As a corollary, the Bench then directs in para 14 that, “Accordingly, the FIR cannot be quashed on the ground that the petitioner was not heard before the registration of offence. Even otherwise, the petitioner has also admitted that on 5.4.2024 he had gone to the school in the capacity of a student leader. Accordingly, the petitioner was directed to address this Court as to whether a person claiming himself to be a student leader can enter inside the school or not?”
Quite significantly, the Bench then points out in para 15 that, “The petitioner could not point out any law by which a self-proclaimed student leader can be permitted to enter inside a school unauthorizedly.”

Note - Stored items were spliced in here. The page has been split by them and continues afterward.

(* Every flexible C-loop is diassociative. In particular, every commutative C-loop is diassociative.
   Context: A C-loop is a loop satisfying $x(y(yz))=((xy)y)z$ for all $x,y,z$. A loop is flexible if $(xy)x=x(yx)$ for all $x,y$. A loop is diassociative if every subloop generated by two elements is a group. *)

theory Defs
  imports Main
begin

definition loop :: "('a \<Rightarrow> 'a \<Rightarrow> 'a) \<Rightarrow> 'a \<Rightarrow> bool" where
  "loop m e \<longleftrightarrow> (\<forall>x. m e x = x \<and> m x e = x)
     \<and> (\<forall>a b. \<exists>!x. m a x = b) \<and> (\<forall>a b. \<exists>!y. m y a = b)"

definition ldiv :: "('a \<Rightarrow> 'a \<Rightarrow> 'a) \<Rightarrow> 'a \<Rightarrow> 'a \<Rightarrow> 'a" where
  "ldiv m a b = (THE x. m a x = b)"

definition rdiv :: "('a \<Rightarrow> 'a \<Rightarrow> 'a) \<Rightarrow> 'a \<Rightarrow> 'a \<Rightarrow> 'a" where
  "rdiv m b a = (THE y. m y a = b)"

definition C_loop :: "('a \<Rightarrow> 'a \<Rightarrow> 'a) \<Rightarrow> 'a \<Rightarrow> bool" where
  "C_loop m e \<longleftrightarrow> loop m e \<and> (\<forall>x y z. m x (m y (m y z)) = m (m (m x y) y) z)"

definition flexible :: "('a \<Rightarrow> 'a \<Rightarrow> 'a) \<Rightarrow> bool" where
  "flexible m \<longleftrightarrow> (\<forall>x y. m (m x y) x = m x (m y x))"

definition commutative :: "('a \<Rightarrow> 'a \<Rightarrow> 'a) \<Rightarrow> bool" where
  "commutative m \<longleftrightarrow> (\<forall>x y. m x y = m y x)"

inductive_set subloop_gen :: "('a \<Rightarrow> 'a \<Rightarrow> 'a) \<Rightarrow> 'a \<Rightarrow> 'a \<Rightarrow> 'a \<Rightarrow> 'a set"
  for m e a b where
  gen_e: "e \<in> subloop_gen m e a b"
| gen_a: "a \<in> subloop_gen m e a b"
| gen_b: "b \<in> subloop_gen m e a b"
| gen_mult: "x \<in> subloop_gen m e a b \<Longrightarrow> y \<in> subloop_gen m e a b \<Longrightarrow> m x y \<in> subloop_gen m e a b"
| gen_ldiv: "x \<in> subloop_gen m e a b \<Longrightarrow> y \<in> subloop_gen m e a b \<Longrightarrow> ldiv m x y \<in> subloop_gen m e a b"
| gen_rdiv: "x \<in> subloop_gen m e a b \<Longrightarrow> y \<in> subloop_gen m e a b \<Longrightarrow> rdiv m x y \<in> subloop_gen m e a b"

definition is_group_on :: "('a \<Rightarrow> 'a \<Rightarrow> 'a) \<Rightarrow> 'a \<Rightarrow> 'a set \<Rightarrow> bool" where
  "is_group_on m e S \<longleftrightarrow> e \<in> S \<and> (\<forall>x\<in>S. \<forall>y\<in>S. m x y \<in> S)
     \<and> (\<forall>x\<in>S. m e x = x \<and> m x e = x)
     \<and> (\<forall>x\<in>S. \<forall>y\<in>S. \<forall>z\<in>S. m (m x y) z = m x (m y z))
     \<and> (\<forall>x\<in>S. \<exists>y\<in>S. m x y = e \<and> m y x = e)"

definition diassociative :: "('a \<Rightarrow> 'a \<Rightarrow> 'a) \<Rightarrow> 'a \<Rightarrow> bool" where
  "diassociative m e \<longleftrightarrow> (\<forall>a b. is_group_on m e (subloop_gen m e a b))"

end

theory Submission
  imports Defs
begin

text \<open>In a C-loop the squares are nuclear; hence the nucleus N is a normal subloop and
  L/N is an elementary abelian 2-group. The subloop generated by a and b therefore lies in
  the union of the cosets of N by e, a, b and ab. Whether a triple associates is unaffected
  by multiplying its entries by nuclear elements, so it suffices to check triples p, q, r
  of these four representatives. Such a triple contains e, or repeats an entry (the two
  alternative laws and flexibility), or is a permutation of a, b, ab; in the last case r
  is congruent to pq modulo N, and (pq)(pq) = p(q(pq)) holds in every C-loop.\<close>

locale cloop =
  fixes m :: "'a \<Rightarrow> 'a \<Rightarrow> 'a" (infixl \<open>\<cdot>\<close> 70) and e :: 'a
  assumes C_loop: "C_loop m e"
begin

lemma left_unit [simp]: "e \<cdot> x = x" and right_unit [simp]: "x \<cdot> e = x"
  using C_loop by (auto simp: C_loop_def loop_def)

lemma ex1_left_solution: "\<exists>!x. a \<cdot> x = b" and ex1_right_solution: "\<exists>!y. y \<cdot> a = b"
  using C_loop by (auto simp: C_loop_def loop_def)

Finally, the Bench then concludes by holding and directing in para 17 that, “As no case is made out warranting interference, therefore, the petition fails and is hereby dismissed.”
In sum, we thus see that the Single Judge Bench comprising of Hon’ble Mr Justice Gurpal Singh Ahluwalia of the Madhya Pradesh High Court at Jabalpur has made it indubitably clear that FIR cannot be quashed on the ground of non-holding of preliminary inquiry into allegations. We thus see that the petitioner fails to make a compelling case to warrant interference by the court and so his petition fails and is thus dismissed. No denying!
Written by:
Sanjeev Sirohi, Advocate, s/o Col (Retd) BPS Sirohi,
A 82, Defence Enclave, Sardhana Road, Kankerkhera, Meerut – 250001, Uttar Pradesh.
*Published as received.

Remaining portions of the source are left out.